theorem proposition2p7:
  fixes C :: "('a, 'b) category" and D :: "('c, 'd) category"
    and F :: "('a, 'b, 'c, 'd) functr" and G :: "('c, 'd, 'a, 'b) functr"
    and eta :: "'a \<Rightarrow> 'b" and eps :: "'c \<Rightarrow> 'd"
    and nu :: "'c \<Rightarrow> 'd" and mu :: "'a \<Rightarrow> 'b"
  assumes FG: "is_adjunction C D F G eta eps"
    and GF: "is_adjunction D C G F nu mu"
  defines "cond2 \<equiv> \<lambda>alpha. is_nat_trans D C G G alpha \<and>
             (\<forall>c \<in> Obj C. cmp C (cmp C (eta c) (mu c)) (alpha (omap F c))
                            = ident C (omap G (omap F c)))"
    and "cond3 \<equiv> \<lambda>beta. is_nat_trans C D F F beta \<and>
             (\<forall>c \<in> Obj C. cmp C (cmp C (eta c) (mu c)) (fmap G (beta c))
                            = ident C (omap G (omap F c)))"
    and "cond4 \<equiv> \<lambda>alpha'. is_nat_trans D C G G alpha' \<and>
             (\<forall>c \<in> Obj C. cmp C (alpha' (omap F c)) (cmp C (eta c) (mu c))
                            = ident C (omap G (omap F c)))"
    and "cond5 \<equiv> \<lambda>beta'. is_nat_trans C D F F beta' \<and>
             (\<forall>c \<in> Obj C. cmp C (fmap G (beta' c)) (cmp C (eta c) (mu c))
                            = ident C (omap G (omap F c)))"
  shows "(naturally_full C D F \<longleftrightarrow> (\<exists>alpha. cond2 alpha)) \<and>
         (naturally_full C D F \<longleftrightarrow> (\<exists>beta. cond3 beta)) \<and>
         (naturally_full C D F \<longleftrightarrow> (\<exists>alpha'. cond4 alpha')) \<and>
         (naturally_full C D F \<longleftrightarrow> (\<exists>beta'. cond5 beta')) \<and>
         (naturally_full C D F \<longrightarrow>
            (\<forall>c \<in> Obj C. is_iso C (cmp C (eta c) (mu c))) \<and>
            (\<forall>alpha beta alpha' beta'.
               cond2 alpha \<and> cond3 beta \<and> cond4 alpha' \<and> cond5 beta' \<longrightarrow>
               (\<forall>c \<in> Obj C. alpha (omap F c) = alpha' (omap F c) \<and>
                             alpha' (omap F c) = fmap G (beta c) \<and>
                             fmap G (beta c) = fmap G (beta' c))))"
proof -
  interpret frobenius_pair C D F G eta eps nu mu
    using FG GF by (simp add: frobenius_pair_def adjunction_def)
  have nf2: "naturally_full C D F \<longleftrightarrow> (\<exists>alpha. cond2 alpha)"
    unfolding cond2_def FG.naturally_full_iff_unit_section ex_unit_section_iff_G_endo ..
  have nf3: "naturally_full C D F \<longleftrightarrow> (\<exists>beta. cond3 beta)"
    unfolding cond3_def FG.naturally_full_iff_unit_section ex_unit_section_iff_F_endo ..
  have nf4: "naturally_full C D F \<longleftrightarrow> (\<exists>alpha'. cond4 alpha')"
    unfolding cond4_def GF.naturally_full_right_adjoint_iff_counit_retraction
      ex_counit_retraction_iff_G_endo ..
  have nf5: "naturally_full C D F \<longleftrightarrow> (\<exists>beta'. cond5 beta')"
    unfolding cond5_def GF.naturally_full_right_adjoint_iff_counit_retraction
      ex_counit_retraction_iff_F_endo ..
  have "is_iso C (cmp C (eta c) (mu c))" if nf: "naturally_full C D F" and c: "c \<in> Obj C" for c
  proof -
    obtain alpha alpha' where "cond2 alpha" "cond4 alpha'"
      using nf nf2 nf4 by blast
    then show ?thesis
      using c unfolding cond2_def cond4_def
      by (meson endo_components_Hom is_iso_unit_counit)
  qed
  moreover have "alpha (omap F c) = alpha' (omap F c) \<and> alpha' (omap F c) = fmap G (beta c) \<and>
      fmap G (beta c) = fmap G (beta' c)"
    if "cond2 alpha" "cond3 beta" "cond4 alpha'" "cond5 beta'" "c \<in> Obj C" for alpha beta alpha' beta' c
    using that unfolding cond2_def cond3_def cond4_def cond5_def
    by (metis endo_components_Hom unit_counit_left_inverse_eq_right_inverse)
  ultimately show ?thesis
    using nf2 nf3 nf4 nf5 by blast
qed

end
lemma forward_orbit_eq:
  assumes "finite A" and "bij_betw f A A" and "x \<in> A" and "y \<in> forward_orbit f x"
  shows "forward_orbit f y = forward_orbit f x"
proof
  show "forward_orbit f y \<subseteq> forward_orbit f x"
    using assms(4) by (rule forward_orbit_mono)
  obtain m where y: "y = (f ^^ m) x"
    using assms(4) by (auto simp: forward_orbit_def)
  obtain p where "p > 0" and "(f ^^ p) x = x"
    using funpow_periodic[OF assms(1-3)] .
  then have "(f ^^ (m * p)) x = x"
    by (induction m) (simp_all add: funpow_add_apply)
  moreover have "m * p = (m * p - m) + m"
    using \<open>p > 0\<close> by simp
  ultimately have "x = (f ^^ (m * p - m)) y"
    by (metis y funpow_add_apply)
  then have "x \<in> forward_orbit f y"
    using funpow_in_forward_orbit by simp
  then show "forward_orbit f x \<subseteq> forward_orbit f y"
    by (rule forward_orbit_mono)
qed

text \<open>On each cycle, \<open>l\<close> does not increase at a point where it is maximal.\<close>
lemma card_forward_orbits_le:
  fixes l :: "'a \<Rightarrow> 'b::linorder"
  assumes "finite A" and "bij_betw f A A"
  shows "card (forward_orbit f ` A) \<le> card {x \<in> A. l (f x) \<le> l x}"
proof -
  have maps: "f ` A \<subseteq> A"
    using assms(2) bij_betw_imp_surj_on by blast
  have "forward_orbit f x \<in> forward_orbit f ` {x \<in> A. l (f x) \<le> l x}" if "x \<in> A" for x
  proof -
    let ?O = "forward_orbit f x"
    have "finite ?O"
      using forward_orbit_subset[OF maps that] assms(1) finite_subset by blast
    moreover have "?O \<noteq> {}"
      using self_in_forward_orbit[of x f] by blast
    ultimately have "Max (l ` ?O) \<in> l ` ?O"
      by simp
    then obtain y where y: "y \<in> ?O" and "l y = Max (l ` ?O)"
      by (metis imageE)
    with \<open>finite ?O\<close> have ymax: "\<And>z. z \<in> ?O \<Longrightarrow> l z \<le> l y"
      by simp
    have "f y \<in> ?O"
      using forward_orbit_mono[OF y] funpow_in_forward_orbit[of 1 f y] by auto
    then have "l (f y) \<le> l y"
      by (rule ymax)
    moreover have "y \<in> A"
      using forward_orbit_subset[OF maps that] y by blast
    ultimately show ?thesis
      using forward_orbit_eq[OF assms that y] by blast
  qed
  then have "card (forward_orbit f ` A) \<le> card (forward_orbit f ` {x \<in> A. l (f x) \<le> l x})"
    using assms(1) by (intro card_mono) auto
  also have "\<dots> \<le> card {x \<in> A. l (f x) \<le> l x}"
    using assms(1) by (intro card_image_le) simp
  finally show ?thesis .
qed

lemma bij_betw_add_mod: "0 < N \<Longrightarrow> bij_betw (\<lambda>i. (i + c) mod N) {..<N} {..<(N::nat)}"
proof -
  assume "0 < N"
  have "inj_on (\<lambda>i. (i + c) mod N) {..<N}"
  proof (rule inj_onI)
    fix i j assume "i \<in> {..<N}" "j \<in> {..<N}" and eq: "(i + c) mod N = (j + c) mod N"
    have "i mod N = j mod N"
      using eq nat_mod_eq_iff by fastforce
    with \<open>i \<in> {..<N}\<close> \<open>j \<in> {..<N}\<close> show "i = j"
      by simp
  qed
  moreover have "(\<lambda>i. (i + c) mod N) ` {..<N} \<subseteq> {..<N}"
    using \<open>0 < N\<close> by auto
  ultimately show ?thesis
    by (simp add: bij_betw_def endo_inj_surj)
qed

lemma sum_add_mod: "(\<Sum>i<N. g ((i + c) mod N)) = (\<Sum>i<(N::nat). g i)"
proof (cases "N = 0")
  case False
  then show ?thesis
    using sum.reindex_bij_betw[OF bij_betw_add_mod] by blast
qed simp

text \<open>The last arc wraps around through 0, hence the added 1.\<close>
definition gap :: "(nat \<Rightarrow> real) \<Rightarrow> nat \<Rightarrow> nat \<Rightarrow> real" where
  "gap t N i = t (Suc i mod N) - t i + (if Suc i = N then 1 else 0)"

lemma sum_gap:
  assumes "0 < N"
  shows "(\<Sum>i<N. gap t N i) = 1"
proof -
  have "(\<Sum>i<N. t (Suc i mod N)) = (\<Sum>i<N. t i)"
    using sum_add_mod[of t 1 N] by simp
  moreover have "(\<Sum>i<N. if Suc i = N then 1 else 0 :: real) = (\<Sum>i<N. if i = N - 1 then 1 else 0)"
    using assms by (intro sum.cong) auto
  moreover have "\<dots> = 1"
    using assms by simp
  ultimately show ?thesis
    by (simp add: gap_def sum.distrib sum_subtractf)
qed

lemma gap_bounds:
  assumes "strict_mono_on {..<N} t" and "t ` {..<N} \<subseteq> {0..<1}" and "i < N"
  shows "0 < gap t N i" and "gap t N i \<le> 1"
proof -
  have t01: "0 \<le> t j" "t j < 1" if "j < N" for j
    using assms(2) that by auto
  have "0 < gap t N i \<and> gap t N i \<le> 1"
  proof (cases "Suc i = N")
    case True
    have "t 0 \<le> t i"
      using assms(1,3) by (cases "i = 0") (auto simp: strict_mono_on_def less_imp_le)
    with True t01[of 0] t01[of i] assms(3) show ?thesis
      by (simp add: gap_def)
  next
    case False
    then have "Suc i < N"
      using assms(3) by simp
    then have "t i < t (Suc i)"
      using assms(1) by (simp add: strict_mono_on_def)
    with False \<open>Suc i < N\<close> t01[of i] t01[of "Suc i"] show ?thesis
      by (simp add: gap_def)
  qed
  then show "0 < gap t N i" and "gap t N i \<le> 1"
    by simp_all
qed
☆ ☆ ☆ ☆ ☆
TASK TO COMPLETE
In the data above, retype exactly and only the lines between the one holding "by (metis imageE)" and the one holding "using forward_orbit_mono[OF y]", inclusive.

TASK RESULT
      by (metis imageE)
    with \<open>finite ?O\<close> have ymax: "\<And>z. z \<in> ?O \<Longrightarrow> l z \<le> l y"
      by simp
    have "f y \<in> ?O"
      using forward_orbit_mono[OF y] funpow_in_forward_orbit[of 1 f y] by auto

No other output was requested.